Data Flow

This document details the typical data processing pipeline within the OpenNANDLab simulator during operations. It covers the end-to-end traversal of data through the optimization modules, Flash Translation Layer, and underlying physical NAND arrays.

1. Configuration Initialization

  • The system loads and parses configuration from the Pydantic-based SimulatorConfig model or from a supplied config.yaml file.

  • Individual components (PageFTL, ECCHandler, CachingSystem, NANDSimulator) initialize with their specific settings.

  • Firmware specifications and block limits are mapped into the execution space.

  • The NANDController validates that page_size and blocks_per_plane dimensions are mathematically compatible.

2. Write Operations

  • A LogicalRequest(op, lba, size, data) arrives at the NANDController.

  • Compression Layer: Checks the entropy of the payload and reduces data size using LZ4 or Zstandard if beneficial.

  • Write Buffer: The data is placed in the FTL’s Write Buffer (defaults to 64 pages) to facilitate sequential flushing.

  • Buffer Flush: When the buffer reaches capacity, the flush routine triggers sequentially:

    • ECC Layer: The ECCHandler mathematically encodes the data and attaches error correction parities (BCH or LDPC).

    • Scrambling: Optional bitwise XOR with deterministic layout seeds to improve electrical stability.

    • L2P Translation: The PageFTL allocates a FREE physical page from its Active Block, updates the logical-to-physical flat array, and flags the previous physical location as INVALID.

    • Wear Leveling: The engine increments the P/E cycle count for the active block and updates its position in the wear-tracking min-heap.
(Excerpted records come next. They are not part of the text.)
lemma rep_preimage:
  assumes "c \<in> Obj C"
  shows "rep c \<in> Obj B" "GetO E (rep c) = c"
  using someI_ex[of "\<lambda>x. x \<in> Obj B \<and> GetO E x = c"] assms surj_obj
  unfolding rep_def by blast+

definition mediator :: "('co, 'cm, 'do, 'dm) lens" where
  "mediator = \<lparr> GetO = (\<lambda>c. GetO G (rep c)),
                GetM = (\<lambda>h. GetM G (Put E (rep (Dom C h)) h)),
                Put = (\<lambda>c d. GetM E (Put G (rep c) d)) \<rparr>"

lemma mediator_GetO:
  assumes x: "x \<in> Obj B"
  shows "GetO mediator (GetO E x) = GetO G x"
proof -
  have "rep (GetO E x) \<in> Obj B" "GetO E (rep (GetO E x)) = GetO E x"
    using rep_preimage get_obj[OF E x] by auto
  then show ?thesis using G_GetO_fibre[OF _ x] unfolding mediator_def by simp
qed

lemma mediator_GetM_Put:
  assumes h: "h \<in> Mor C" and x: "x \<in> Obj B" "GetO E x = Dom C h"
  shows "GetM mediator h = GetM G (Put E x h)"
proof -
  have "rep (Dom C h) \<in> Obj B" "GetO E (rep (Dom C h)) = Dom C h"
    using rep_preimage cat_dom[OF C h] by auto
  then have "GetM G (Put E (rep (Dom C h)) h) = GetM G (Put E x h)"
    using E x h by (intro G_GetM_fibre) (auto simp: put_mor get_put)
  then show ?thesis unfolding mediator_def by simp
qed

lemma mediator_GetM:
  assumes f: "f \<in> Mor B"
  shows "GetM mediator (GetM E f) = GetM G f"
proof -
  have x: "Dom B f \<in> Obj B" "GetO E (Dom B f) = Dom C (GetM E f)"
    using cat_dom[OF B f] get_dom[OF E f] by auto
  have "GetM mediator (GetM E f) = GetM G (Put E (Dom B f) (GetM E f))"
    using mediator_GetM_Put[OF get_mor[OF E f] x] .
  also have "\<dots> = GetM G f"
    using E f x by (intro G_GetM_fibre) (auto simp: put_mor get_put get_mor)
  finally show ?thesis .
qed

lemma mediator_Put:
  assumes x: "x \<in> Obj B" and d: "d \<in> Mor D" "Dom D d = GetO G x"
  shows "Put mediator (GetO E x) d = GetM E (Put G x d)"
proof -
  have r: "rep (GetO E x) \<in> Obj B" "GetO E (rep (GetO E x)) = GetO E x"
    using rep_preimage get_obj[OF E x] by auto
  moreover have "Dom D d = GetO G (rep (GetO E x))"
    using G_GetO_fibre[OF r(1) x r(2)] d by simp
  ultimately show ?thesis
    using E_Put_G_fibre[OF r(1) x r(2) d(1)] unfolding mediator_def by simp
qed

lemma mediator_obj:
  assumes "c \<in> Obj C"
  shows "GetO mediator c \<in> Obj D"
proof -
  obtain x where x: "x \<in> Obj B" "c = GetO E x"
    using obtain_preimage[OF assms] by metis
  then show ?thesis using mediator_GetO get_obj[OF G] by simp
qed

lemma mediator_mor:
  assumes h: "h \<in> Mor C"
  shows "GetM mediator h \<in> Mor D"
    and "Dom D (GetM mediator h) = GetO mediator (Dom C h)"
    and "Cod D (GetM mediator h) = GetO mediator (Cod C h)"
proof -
  obtain x where x: "x \<in> Obj B" "GetO E x = Dom C h"
    using obtain_preimage cat_dom[OF C h] .
  define p where "p = Put E x h"
  have p: "p \<in> Mor B" "Dom B p = x" "GetM E p = h"
    using E x h unfolding p_def by (auto simp: put_mor put_dom get_put)
  have Mh: "GetM mediator h = GetM G p"
    using mediator_GetM_Put[OF h x] unfolding p_def .
  show "GetM mediator h \<in> Mor D"
    using Mh get_mor[OF G p(1)] by simp
  show "Dom D (GetM mediator h) = GetO mediator (Dom C h)"
    using Mh get_dom[OF G p(1)] p(2) mediator_GetO[OF x(1)] x(2) by simp
  show "Cod D (GetM mediator h) = GetO mediator (Cod C h)"
    using Mh get_cod[OF G p(1)] mediator_GetO[OF cat_cod[OF B p(1)]] get_cod[OF E p(1)] p(3)
    by simp
qed
(* Let $\beta\ge 0$, and let $\pi^*_\beta=\{\pi^*_{h,\beta}\}_{h\in[H]}$ be a deterministic Markov optimal policy of the penalized machine MDP $\mathcal{M}^{\mathtt{M}}_\beta$, chosen greedily, i.e. $\pi^*_{h,\beta}(s)\in\arg\max_{a\in\bar{\mathcal{A}}}Q^*_{h,\beta}(s,a)$ for all $h,s$. Then for every $s\in\mathcal{S}$ and $h\in[H]$ with $\pi^*_{h,\beta}(s)\ne\text{defer}$, $$Q_h^*\big(s,\pi^*_{h,\beta}(s)\big)-V_h^{\pi^{\mathtt{H}}}(s)\ \ge\ \beta,$$ where $Q^*_h$ is the optimal $Q$-function of the unpenalized machine MDP $\mathcal{M}^{\mathtt{M}}$ and $V_h^{\pi^{\mathtt{H}}}$ is the value (in $\mathcal{M}^{\mathtt{M}}$) of the machine policy that always chooses defer.
   Context: A human acts in a finite-horizon episodic MDP with finite state set $\mathcal{S}$, finite action set $\mathcal{A}$, horizon $H$, time-dependent transition kernel $p_h(s'\mid s,a)$ and time-dependent reward $r_h(s,a)\in[0,1]$, $h\in[H]$. The human follows a fixed stochastic policy $\pi^{\mathtt{H}}$ with $\pi^{\mathtt{H}}_h(a\mid s)<1$. The machine chooses advice $a^{\mathtt{M}}\in\bar{\mathcal{A}}:=\mathcal{A}\cup\{\text{defer}\}$; with adherence $\theta:\mathcal{S}\times\mathcal{A}\to[0,1]$, the human's action satisfies $\mathbb{P}_h(a^{\mathtt{H}}=a\mid s,\text{defer})=\pi^{\mathtt{H}}_h(a\mid s)$, and for $a^{\mathtt{M}}\ne\text{defer}$: $\mathbb{P}_h(a^{\mathtt{H}}=a^{\mathtt{M}}\mid s,a^{\mathtt{M}})=\theta(s,a^{\mathtt{M}})$ and $\mathbb{P}_h(a^{\mathtt{H}}=a\mid s,a^{\mathtt{M}})=(1-\theta(s,a^{\mathtt{M}}))\pi^{\mathtt{H}}_h(a\mid s)/(1-\pi^{\mathtt{H}}_h(a^{\mathtt{M}}\mid s))$ for $a\ne a^{\mathtt{M}}$. The machine's MDP $\mathcal{M}^{\mathtt{M}}$ has states $\mathcal{S}$, actions $\bar{\mathcal{A}}$, transition $p^{\mathtt{M}}_h(s'\mid s,a^{\mathtt{M}})=\sum_{a}p_h(s'\mid s,a)\mathbb{P}_h(a\mid s,a^{\mathtt{M}})$ and reward $r^{\mathtt{M}}_h(s,a^{\mathtt{M}})=\sum_a r_h(s,a)\mathbb{P}_h(a\mid s,a^{\mathtt{M}})$. Values of deterministic Markov policies $\pi$ are $V^\pi_h(s)=\mathbb{E}[\sum_{h'=h}^H r^{\mathtt{M}}_{h'}(s_{h'},\pi_{h'}(s_{h'}))\mid s_h=s]$, $V^\pi_{H+1}\equiv 0$; $V^*_h=\max_\pi V^\pi_h$ and $Q^*_h(s,a)=r^{\mathtt{M}}_h(s,a)+\sum_{s'}p^{\mathtt{M}}_h(s'\mid s,a)V^*_{h+1}(s')$. The penalized MDP $\mathcal{M}^{\mathtt{M}}_\beta$ is identical to $\mathcal{M}^{\mathtt{M}}$ except its reward is $r^{\mathtt{M}}_{h,\beta}(s,a)=r^{\mathtt{M}}_h(s,a)-\beta\,\mathbb{I}\{a\ne\text{defer}\}$; $V^*_{h,\beta}$ and $Q^*_{h,\beta}(s,a)=r^{\mathtt{M}}_{h,\beta}(s,a)+\sum_{s'}p^{\mathtt{M}}_h(s'\mid s,a)V^*_{h+1,\beta}(s')$ denote its optimal value and $Q$-functions. *)

theory Defs
  imports Complex_Main
begin

text \<open>Advice space: None = defer, Some a = recommend action a.
  States 's and actions 'a are finite types. Time steps h range over {1..H}.\<close>

definition hprob :: "(nat \<Rightarrow> 's \<Rightarrow> 'a \<Rightarrow> real) \<Rightarrow> ('s \<Rightarrow> 'a \<Rightarrow> real)
    \<Rightarrow> nat \<Rightarrow> 's \<Rightarrow> 'a option \<Rightarrow> 'a \<Rightarrow> real" where
  "hprob piH theta h s am a = (case am of
      None \<Rightarrow> piH h s a
    | Some b \<Rightarrow> (if a = b then theta s b
                 else (1 - theta s b) * piH h s a / (1 - piH h s b)))"

definition pM :: "(nat \<Rightarrow> 's \<Rightarrow> 'a::finite \<Rightarrow> 's \<Rightarrow> real) \<Rightarrow> (nat \<Rightarrow> 's \<Rightarrow> 'a \<Rightarrow> real)
    \<Rightarrow> ('s \<Rightarrow> 'a \<Rightarrow> real) \<Rightarrow> nat \<Rightarrow> 's \<Rightarrow> 'a option \<Rightarrow> 's \<Rightarrow> real" where
  "pM p piH theta h s am s' = (\<Sum>a\<in>UNIV. p h s a s' * hprob piH theta h s am a)"

definition rM :: "(nat \<Rightarrow> 's \<Rightarrow> 'a::finite \<Rightarrow> real) \<Rightarrow> (nat \<Rightarrow> 's \<Rightarrow> 'a \<Rightarrow> real)
    \<Rightarrow> ('s \<Rightarrow> 'a \<Rightarrow> real) \<Rightarrow> nat \<Rightarrow> 's \<Rightarrow> 'a option \<Rightarrow> real" where
  "rM r piH theta h s am = (\<Sum>a\<in>UNIV. r h s a * hprob piH theta h s am a)"

definition rMb :: "real \<Rightarrow> (nat \<Rightarrow> 's \<Rightarrow> 'b option \<Rightarrow> real) \<Rightarrow> nat \<Rightarrow> 's \<Rightarrow> 'b option \<Rightarrow> real" where
  "rMb \<beta> R h s am = R h s am - \<beta> * (if am = None then 0 else 1)"

primrec Veval :: "nat \<Rightarrow> (nat \<Rightarrow> 's::finite \<Rightarrow> 'b \<Rightarrow> real) \<Rightarrow> (nat \<Rightarrow> 's \<Rightarrow> 'b \<Rightarrow> 's \<Rightarrow> real)
    \<Rightarrow> (nat \<Rightarrow> 's \<Rightarrow> 'b) \<Rightarrow> nat \<Rightarrow> 's \<Rightarrow> real" where
  "Veval 0 R P \<pi> h s = 0"
| "Veval (Suc k) R P \<pi> h s =
     R h s (\<pi> h s) + (\<Sum>s'\<in>UNIV. P h s (\<pi> h s) s' * Veval k R P \<pi> (Suc h) s')"

definition Vpi :: "nat \<Rightarrow> (nat \<Rightarrow> 's::finite \<Rightarrow> 'b \<Rightarrow> real) \<Rightarrow> (nat \<Rightarrow> 's \<Rightarrow> 'b \<Rightarrow> 's \<Rightarrow> real)
    \<Rightarrow> (nat \<Rightarrow> 's \<Rightarrow> 'b) \<Rightarrow> nat \<Rightarrow> 's \<Rightarrow> real" where
  "Vpi H R P \<pi> h s = Veval (Suc H - h) R P \<pi> h s"

definition Vstar :: "nat \<Rightarrow> (nat \<Rightarrow> 's::finite \<Rightarrow> 'b \<Rightarrow> real) \<Rightarrow> (nat \<Rightarrow> 's \<Rightarrow> 'b \<Rightarrow> 's \<Rightarrow> real)
    \<Rightarrow> nat \<Rightarrow> 's \<Rightarrow> real" where
  "Vstar H R P h s = Sup {Vpi H R P \<pi> h s | \<pi>. True}"

definition Qstar :: "nat \<Rightarrow> (nat \<Rightarrow> 's::finite \<Rightarrow> 'b \<Rightarrow> real) \<Rightarrow> (nat \<Rightarrow> 's \<Rightarrow> 'b \<Rightarrow> 's \<Rightarrow> real)
    \<Rightarrow> nat \<Rightarrow> 's \<Rightarrow> 'b \<Rightarrow> real" where
  "Qstar H R P h s b = R h s b + (\<Sum>s'\<in>UNIV. P h s b s' * Vstar H R P (Suc h) s')"

end

theory Submission
  imports Defs
begin

text \<open>Deferring costs no penalty, so the human's value is the same in the penalised MDP and is
  bounded there by the penalised \<open>Q\<^sup>*\<close> of deferring, hence by that of the greedy advice
  \<open>a \<noteq> defer\<close>. Penalising rewards can only lower optimal values, so this penalised \<open>Q\<^sup>*\<close> of
  \<open>a\<close> is at most the unpenalised one minus the immediate penalty \<open>\<beta>\<close>.\<close>

lemma hprob_nonneg:
  assumes "\<And>a. piH h s a \<ge> 0" "\<And>a. piH h s a < 1" "\<And>b. 0 \<le> theta s b \<and> theta s b \<le> 1"
  shows "hprob piH theta h s am a \<ge> 0"
proof (cases am)
  case None
  then show ?thesis using assms by (simp add: hprob_def)
next
  case (Some b)
  have "(1 - theta s b) * piH h s a / (1 - piH h s b) \<ge> 0"
    using assms(1)[of a] assms(2)[of b] assms(3)[of b] by simp
  then show ?thesis using Some assms(3)[of b] by (simp add: hprob_def)
qed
    • Bad Block Management: Verifies the allocated block is fully operational before executing physical voltage signals.

    • Physical Execution: The final codeword bytes are routed to the NANDSimulator.

  • Cache Registration: Successfully written payloads are registered in the caching system for swift sub-sequent access.

3. Read Operations

  • A read request queries the NANDController with a Logical Block Number (LBN).

  • Write Buffer Hook: First, the controller checks if the data resides in the FTL’s Write Buffer. If so, it is immediately decompressed and returned.

  • Caching Layer: Evaluates if the exact LBN resides in the fast CachingSystem (LRU/LFU/FIFO algorithms). A cache hit entirely bypasses the physical hardware simulation.

  • Physical Resolution: If uncached, the PageFTL maps the LBN to its physical page number (PPN) using the L2P array.

  • Hardware Access: The NANDSimulator provides the raw codeword bytes containing data and parity.

  • ECC Decoding: The ECCHandler reviews the codeword.

    • If errors exist due to the physical RBER model, it mathematically locates and attempts to correct them.

    • If errors exceed the capacity limit (e.g., beyond t for BCH), it raises an UncorrectableECCError.

  • Decompression: Original dimensions are restored via the decompression algorithm.

  • Data is returned to the caller and seamlessly inserted into the CachingSystem.

4. Garbage Collection

  • Foreground Activation: During a Write Buffer flush, if the FTL observes the free_pool of erased blocks dipping below a critical limit (usually 10%), a GC cycle is synchronously triggered.

  • Victim Selection: The GreedyGC or CostBenefitGC evaluates the physical blocks.

  • Data Evacuation: All VALID pages from the chosen victim block are physically read, verified through ECC, and moved to newly allocated pages in a fresh block.

  • Block Reset: The victim block undergoes a destructive Erase Operation (0xFF replacement), incrementing its total P/E cycle limit.

  • Pool Restoration: The freshly erased block is appended back to the FTL’s free_pool.

5. Optimization and Analysis

  • At every stage, independent telemetry events (like WriteEvent, EraseEvent, ECCEvent) are pushed to the central event bus.

  • The AnalyticsEngine intercepts these events to compute real-time derivatives such as IOPS, Latency Percentiles, Write Amplification Factor (WAF), and the ECC correction rate.

  • At the conclusion of a workload sequence, this parsed data is synthesized by the Streamlit Dashboard or Click CLI for comprehensive developer review.